Wg gain-of-function clones were also generated by the MARCM technique(Fig. 3B,E,G)(Lee and Luo, 1999). y w hsp70-flp Tubulinα1-Gal4 UAS-GFPnls; UAS-wgG;Tubulinα1-Gal80 FRT2A/ FRT2A(Struhl and Greenwald, 2001)larvae were heat shocked at 37°C for 15 minutes at 48-72 hours AEL.
No less than 20 clones were examined for each genotype.
Dissected larvae were fixed for 20 minutes in a 4% paraformaldehyde solution in PBT (PBS/0.1% Tween 20) and immunostained with mouse anti-Ubx(provided by Ernesto Sanchez-Herrero), rat anti-Iro-C (provided by Juan Modolell), rat anti-Zfh-2 (provided by Martha Lundell), mouse anti-Armadillo(Arm) (Hybridoma Bank), mouse anti-Discs large 1 (Dlg1) (Hybridoma Bank),mouse anti-Wg (Hybridoma Bank), rabbit anti-Vg (provided by Sean Carroll),rabbit anti-Distalless (Dll) (provided by Sean Carroll), rat anti-Ds (provided by Michael Simon), mouse anti-Nubbin (Nub) (provided by S. Cohen), rat anti-Tailup (Tup) (provided by Jim Skeath) or guinea pig anti-Eyegone (Eyg)(provided by Natalia Azpiazu) antibodies in PBTBSA (PBT/0.3% BSA). Alexa Fluor-488-, -546- (Molecular Probes) or Cy5 (Jackson InmunoResearch)-conjugated secondary antibodies were used to detect primary antibodies. F-actin staining was performed with Texas Red-coupled phalloidin(Sigma). Cell nuclei were stained for 20 minutes in a 1 mM To-Pro-3 iodide(Molecular Probes) solution in PBT. Imaginal discs were mounted in Vectashield(Vector Laboratories, Inc).
Microscopy and image treatment
Images were acquired in a BioRad 2000 confocal microscope and treated with the Metaview (Universal Imaging) and Photoshop 7.0 (Adobe Corp) image programs.

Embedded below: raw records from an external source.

text \<open>
  The square of F depends on (x, y) only through a = |x|^2, b = <x,y> and c = |y|^2, say
  F^2 = \<Phi>(a, b, c). The chain rule turns [F^2]_{x^k y^l} y^k - 2 [F^2]_{x^l} into
  x_l (2 b \<Phi>_ab + c \<Phi>_bb - 4 \<Phi>_a) + y_l (4 b \<Phi>_ac + 2 c \<Phi>_bc - \<Phi>_b),
  so F is dually flat as soon as \<Phi> solves these two linear PDEs. For the Randers metric,
  \<Phi> = (sqrt B sqrt A + \<lambda> b)^2 / (C^2 sqrt B) with C = 1 + \<mu> a, B = 1 + (\<mu> + \<lambda>^2) a and
  A = C c - \<mu> b^2, all positive on the ball when y \<noteq> 0, and both PDEs become rational
  identities in sqrt A and sqrt B that hold modulo (sqrt A)^2 = A and (sqrt B)^2 = B.
\<close>

lemma DERIV_compose_pair:
  fixes g :: "real \<Rightarrow> real \<Rightarrow> real" and u v :: "real \<Rightarrow> real"
  assumes "((\<lambda>(p, q). g p q) has_derivative (\<lambda>(dp, dq). gp * dp + gq * dq)) (at (u t, v t))"
    and "(u has_real_derivative u') (at t)" and "(v has_real_derivative v') (at t)"
  shows "((\<lambda>t. g (u t) (v t)) has_real_derivative gp * u' + gq * v') (at t)"
proof -
  have "((\<lambda>t. (u t, v t)) has_derivative (\<lambda>h. (u' * h, v' * h))) (at t)"
    using has_derivative_Pair assms(2,3) unfolding has_field_derivative_def by blast
  from has_derivative_compose[OF this assms(1)] show ?thesis
    unfolding has_field_derivative_def
    by (simp add: o_def) (erule has_derivative_eq_rhs; simp add: fun_eq_iff algebra_simps)
qed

Early development of the peripodial side of the wing imaginal disc
At the beginning of the second larval instar, all cells of the wing imaginal disc show columnar morphology(Fig. 1B). Soon after, in mid second instar, some proximal cells at the disc peripodial side start to change their shapes from columnar to squamous(Fig. 1C). In the third instar disc, squamous cells fill most of the peripodial side, constituting its PE(Fig. 1D). The differences in cell shape, however, are preceded by differences in gene expression between the two sides of the disc (Fig. 1B). In mid second instar, the squamous cells, as well as surrounding cubic cells in the peripodial side of the disc, express high levels of Ubx (Fig. 1C). Later on, in the third instar disc, high levels of Ubx are maintained only in squamous cells, while posterior cubic cells show a decreasing gradient of Ubx expression(Fig. 1D). The expression of Ubx, although it is a good genetic marker of the wing disc PE, is not required for PE development, as loss-of-function clones of Ubx are normal in size and shape and do not modify peripodial cell morphology (L. de Navas and E. Sanchez-Herrero, personal communication).

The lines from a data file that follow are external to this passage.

lemma lattice_add_line:
  assumes "lattice s \<tau> L"
  shows "lattice s \<tau> {l + s r x | l r. l \<in> L}"
proof -
  have L: "openin \<tau> L" "lsubmod s L"
    and fg: "\<And>U. openin \<tau> U \<Longrightarrow> lsubmod s U \<Longrightarrow> U \<subseteq> L \<Longrightarrow> fg_quotient s L U"
    using assms unfolding lattice_def by auto
  have "openin \<tau> {l + s r x | l r. l \<in> L}"
  proof (rule openin_add_closed[OF L(1) lsubmodD(1)[OF L(2)]])
    fix a l assume "a \<in> {l + s r x | l r. l \<in> L}" "l \<in> L"
    then obtain l' r where "a = l' + s r x" "l' + l \<in> L"
      using L(2) by (auto intro: lsubmodD)
    then show "a + l \<in> {l + s r x | l r. l \<in> L}"
      by (intro CollectI exI[of _ "l' + l"] exI[of _ r]) (simp add: algebra_simps)
  qed
  moreover have "fg_quotient s {l + s r x | l r. l \<in> L} U" if "openin \<tau> U" "lsubmod s U" for U
  proof -
    have "fg_quotient s L (U \<inter> L)"
      using that L by (intro fg) (auto simp: openin_Int lsubmod_Int)
    then show ?thesis
      using fg_quotient_add_line[OF lmod_s _ Int_lower1 lsubmodD(1)[OF L(2)]] by blast
  qed
  ultimately show ?thesis
    unfolding lattice_def using lsubmod_add_line[OF lmod_s L(2)] by blast
qed

end

section \<open>Topologically nilpotent operators\<close>

definition topologically_nilpotent ::
  "('r::ring_1 \<Rightarrow> 'm::ab_group_add \<Rightarrow> 'm) \<Rightarrow> 'm topology \<Rightarrow> ('m \<Rightarrow> 'm) \<Rightarrow> bool" where
  "topologically_nilpotent s \<tau> T \<longleftrightarrow>
     (\<forall>L L'. lattice s \<tau> L \<and> lattice s \<tau> L' \<longrightarrow> (\<exists>N::nat. \<forall>n>N. (T ^^ n) ` L' \<subseteq> L))"

locale tate_operator = tate_module s \<tau> sP sQ i pr
  for s :: "'r::ring_1 \<Rightarrow> 'm::ab_group_add \<Rightarrow> 'm" and \<tau> :: "'m topology"
    and sP :: "'r \<Rightarrow> 'p::ab_group_add \<Rightarrow> 'p" and sQ :: "'q::ab_group_add \<Rightarrow> 'r \<Rightarrow> 'q"
    and i :: "'m \<Rightarrow> 'p \<times> ('q \<Rightarrow> 'r)" and pr :: "'p \<times> ('q \<Rightarrow> 'r) \<Rightarrow> 'm" +
  fixes T :: "'m \<Rightarrow> 'm"
  assumes T_add: "\<And>x y. T (x + y) = T x + T y"
    and T_scale: "\<And>r x. T (s r x) = s r (T x)"
    and T_cont: "continuous_map \<tau> \<tau> T"
begin

lemma additive_funpow: "Modules.additive (T ^^ n)"
  unfolding Modules.additive_def by (induction n) (auto simp: T_add)

lemma funpow_scale: "(T ^^ n) (s r x) = s r ((T ^^ n) x)"
  by (induction n) (auto simp: T_scale)

lemma continuous_map_funpow: "continuous_map \<tau> \<tau> (T ^^ n)"
  by (induction n) (auto intro: continuous_map_compose[OF _ T_cont, unfolded o_def])

definition partial_sum :: "'r fps \<Rightarrow> 'm \<Rightarrow> nat \<Rightarrow> 'm" where
  "partial_sum f x N = (\<Sum>n<N. s (fps_nth f n) ((T ^^ n) x))"

lemma additive_partial_sum: "Modules.additive (\<lambda>x. partial_sum f x N)"
  unfolding Modules.additive_def partial_sum_def
  by (simp add: Modules.additive.add[OF additive_funpow] lmod_add[OF lmod_s] sum.distrib)

lemma partial_sum_add_left: "partial_sum (f + g) x N = partial_sum f x N + partial_sum g x N"
  unfolding partial_sum_def by (simp add: lmod_radd[OF lmod_s] sum.distrib)

lemma partial_sum_cong:
  "(\<And>n. n < N \<Longrightarrow> fps_nth f n = fps_nth g n) \<Longrightarrow> partial_sum f x N = partial_sum g x N"
  unfolding partial_sum_def by simp

lemma partial_sum_monomial:
  assumes "k < N"
  shows "partial_sum (fps_const c * fps_X ^ k) x N = s c ((T ^^ k) x)"
proof -
  have "partial_sum (fps_const c * fps_X ^ k) x N = (\<Sum>n<N. if n = k then s c ((T ^^ k) x) else 0)"
    unfolding partial_sum_def by (intro sum.cong) (auto simp: lmod_rzero[OF lmod_s])
  then show ?thesis
    using assms by simp
qed

lemma partial_sum_shift:
  "partial_sum (fps_const c * fps_X ^ k * g) x (N + k) = s c ((T ^^ k) (partial_sum g x N))"
proof (induction N)
  case 0
  have "partial_sum (fps_const c * fps_X ^ k * g) x k = 0"
    unfolding partial_sum_def
    by (intro sum.neutral) (simp add: mult.assoc fps_X_power_mult_nth lmod_rzero[OF lmod_s])
  then show ?case
    by (simp add: partial_sum_def Modules.additive.zero[OF additive_funpow] lmod_zero[OF lmod_s])
next
  case (Suc N)
  have "(T ^^ (N + k)) x = (T ^^ k) ((T ^^ N) x)"
    by (metis add.commute comp_apply funpow_add)
  then have "s (fps_nth (fps_const c * fps_X ^ k * g) (N + k)) ((T ^^ (N + k)) x) =
      s c ((T ^^ k) (s (fps_nth g N) ((T ^^ N) x)))"
    by (simp add: mult.assoc fps_X_power_mult_nth lmod_mult[OF lmod_s] funpow_scale)
  then show ?case
    using Suc by (simp add: partial_sum_def Modules.additive.add[OF additive_funpow] lmod_add[OF lmod_s])
qed

lemma partial_sum_diff:
  assumes "K \<le> N" "\<And>n. n < K \<Longrightarrow> fps_nth f n = fps_nth f0 n"
  shows "partial_sum f x N - partial_sum f0 x0 K =
    (\<Sum>n\<in>{K..<N}. s (fps_nth f n) ((T ^^ n) x)) + partial_sum f0 (x - x0) K"
proof -
  have "partial_sum f x N = partial_sum f x K + (\<Sum>n\<in>{K..<N}. s (fps_nth f n) ((T ^^ n) x))"
    unfolding partial_sum_def using assms(1)
    by (simp add: atLeast0LessThan[symmetric] sum.atLeastLessThan_concat)
  moreover have "partial_sum f x K - partial_sum f0 x0 K = partial_sum f0 (x - x0) K"
    using assms(2) by (simp add: partial_sum_cong[of K f f0] Modules.additive.diff[OF additive_partial_sum])
  ultimately show ?thesis
    by (simp add: algebra_simps)
qed

end

locale nilpotent_tate_operator = tate_operator s \<tau> sP sQ i pr T
  for s :: "'r::ring_1 \<Rightarrow> 'm::ab_group_add \<Rightarrow> 'm" and \<tau> :: "'m topology"
    and sP :: "'r \<Rightarrow> 'p::ab_group_add \<Rightarrow> 'p" and sQ :: "'q::ab_group_add \<Rightarrow> 'r \<Rightarrow> 'q"
    and i :: "'m \<Rightarrow> 'p \<times> ('q \<Rightarrow> 'r)" and pr :: "'p \<times> ('q \<Rightarrow> 'r) \<Rightarrow> 'm"
    and T :: "'m \<Rightarrow> 'm" +
  assumes nilpotent: "topologically_nilpotent s \<tau> T"
begin

lemma funpow_tendsto_zero:
  assumes "openin \<tau> W" "0 \<in> W"
  shows "\<forall>\<^sub>F n in sequentially. (T ^^ n) x \<in> W"
proof -
  obtain C where C: "finite C" "basic_lattice C \<subseteq> W"
    using basic_lattice_subset[OF assms] by blast
  let ?L = "{l + s r x | l r. l \<in> basic_lattice {}}"
  have "x \<in> ?L"
    using lsubmodD(1)[OF lsubmod_basic_lattice] lmod_one[OF lmod_s]
    by (intro CollectI exI[of _ 0] exI[of _ 1]) simp
  moreover obtain N where "\<forall>n>N. (T ^^ n) ` ?L \<subseteq> basic_lattice C"
    using nilpotent lattice_add_line[OF lattice_basic_lattice] lattice_basic_lattice[OF C(1)]
    unfolding topologically_nilpotent_def by blast
  ultimately show ?thesis
    using C(2) by (intro eventually_mono[OF eventually_gt_at_top[of N]]) blast
qed

lemma funpow_uniformly_small:
  assumes "openin \<tau> W" "0 \<in> W"
  shows "\<exists>V. openin \<tau> V \<and> 0 \<in> V \<and> (\<forall>n. (T ^^ n) ` V \<subseteq> W)"
proof -
  obtain C where C: "finite C" "basic_lattice C \<subseteq> W"
    using basic_lattice_subset[OF assms] by blast
  obtain N where N: "\<forall>n>N. (T ^^ n) ` basic_lattice {} \<subseteq> basic_lattice C"
    using nilpotent lattice_basic_lattice[of "{}"] lattice_basic_lattice[OF C(1)]
    unfolding topologically_nilpotent_def by blast
  define V where "V = basic_lattice {} \<inter> (\<Inter>n\<in>{..N}. {v. (T ^^ n) v \<in> W})"
  have "openin \<tau> V"
    unfolding V_def using openin_continuous_map_preimage[OF continuous_map_funpow assms(1)]
    by (intro openin_Int openin_basic_lattice openin_INT2) auto
  moreover have "0 \<in> V"
    unfolding V_def using assms(2) lsubmodD(1)[OF lsubmod_basic_lattice]
    by (simp add: Modules.additive.zero[OF additive_funpow])
  moreover have "(T ^^ n) v \<in> W" if "v \<in> V" for n v
  proof (cases "n \<le> N")
    case False
    then have "(T ^^ n) ` basic_lattice {} \<subseteq> W"
      using N C(2) not_le by blast
    then show ?thesis
      using that unfolding V_def by blast
  qed (use that in \<open>auto simp: V_def\<close>)
  ultimately show ?thesis
    by blast
qed

section \<open>The action of \<open>R[[t]]\<close>\<close>

lemma partial_sum_locally_stable:
  assumes "openin \<tau> W" "lsubmod s W"
  shows "\<exists>K U. openin (prod_topology euclidean \<tau>) U \<and> (f0, x0) \<in> U \<and>
           (\<forall>(f, x)\<in>U. \<forall>N\<ge>K. partial_sum f x N - partial_sum f0 x0 K \<in> W)"
proof -
  obtain V where V: "openin \<tau> V" "0 \<in> V" "\<And>n. (T ^^ n) ` V \<subseteq> W"
    using funpow_uniformly_small[OF assms(1) lsubmodD(1)[OF assms(2)]] by blast
  obtain K where K: "\<And>n. n \<ge> K \<Longrightarrow> (T ^^ n) x0 \<in> W"
    using funpow_tendsto_zero[OF assms(1) lsubmodD(1)[OF assms(2)], of x0]
    unfolding eventually_sequentially by blast
  define U where "U = {f. fps_cutoff K f = fps_cutoff K f0} \<times> {x. x - x0 \<in> V}"
  have "openin (prod_topology euclidean \<tau>) U"
    unfolding U_def openin_prod_Times_iff
    using open_fps_cutoff[of K f0] openin_translate[OF V(1)] by (simp add: open_openin[symmetric])
  moreover have "(f0, x0) \<in> U"
    using V(2) by (simp add: U_def)
  moreover have "partial_sum f x N - partial_sum f0 x0 K \<in> W" if "(f, x) \<in> U" "N \<ge> K" for f x N
  proof -
    have coeff: "fps_nth f n = fps_nth f0 n" if "n < K" for n
      using \<open>(f, x) \<in> U\<close> that unfolding U_def fps_cutoff_eq_fps_cutoff_iff by simp
    have small: "(T ^^ n) (x - x0) \<in> W" for n
      using \<open>(f, x) \<in> U\<close> V(3) unfolding U_def by blast
    have tail: "(T ^^ n) x \<in> W" if "n \<ge> K" for n
      using lsubmodD(2)[OF assms(2) small[of n] K[OF that]]
      by (simp add: Modules.additive.diff[OF additive_funpow])
    have "partial_sum f x N - partial_sum f0 x0 K =
        (\<Sum>n\<in>{K..<N}. s (fps_nth f n) ((T ^^ n) x)) + partial_sum f0 (x - x0) K"
      by (rule partial_sum_diff[OF \<open>N \<ge> K\<close> coeff])
    moreover have "(\<Sum>n\<in>{K..<N}. s (fps_nth f n) ((T ^^ n) x)) \<in> W"
      using tail by (intro lsubmod_sum[OF assms(2)] lsubmodD(3)[OF assms(2)]) simp
    moreover have "partial_sum f0 (x - x0) K \<in> W"
      unfolding partial_sum_def using small by (intro lsubmod_sum[OF assms(2)] lsubmodD(3)[OF assms(2)])
    ultimately show ?thesis
      using lsubmodD(2)[OF assms(2)] by simp
  qed
  ultimately show ?thesis
    by blast
qed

Proximodistal (PD) territorial segregation in the wing-notum side of the wing disc proceeds simultaneously to the morphological changes of peripodial cells, and it is driven by the complementary and mutually exclusive activities of the Wg and Egfr signalling pathways(Baonza et al., 2000; Klein, 2001; Wang et al., 2000; Zecca and Struhl, 2002). In the second instar, cubic cells express zfh-2 and iro-C in distal and proximal domains, respectively(Fig. 1E). The early expression pattern of these genes, which is dependent on Wg and Egfr signalling(Baonza et al., 2000; Klein, 2001; Wang et al., 2000; Whitworth and Russell, 2003; Zecca and Struhl, 2002)suggests that the mechanism of PD segregation is also active in the peripodial side of the disc, although their expression pattern later evolves to overlap in some regions (Fig. 1F,G). In this context, proximal cubic cells would be part of the notum developmental field, whereas distal cubic cells would be part of the wing developmental field. Interestingly, Zfh-2 and Iro-C are not detected in the PE. Also, the limit of expression of Zfh-2 and Iro-C is sharp and coincident with the limit between cubic and squamous cells.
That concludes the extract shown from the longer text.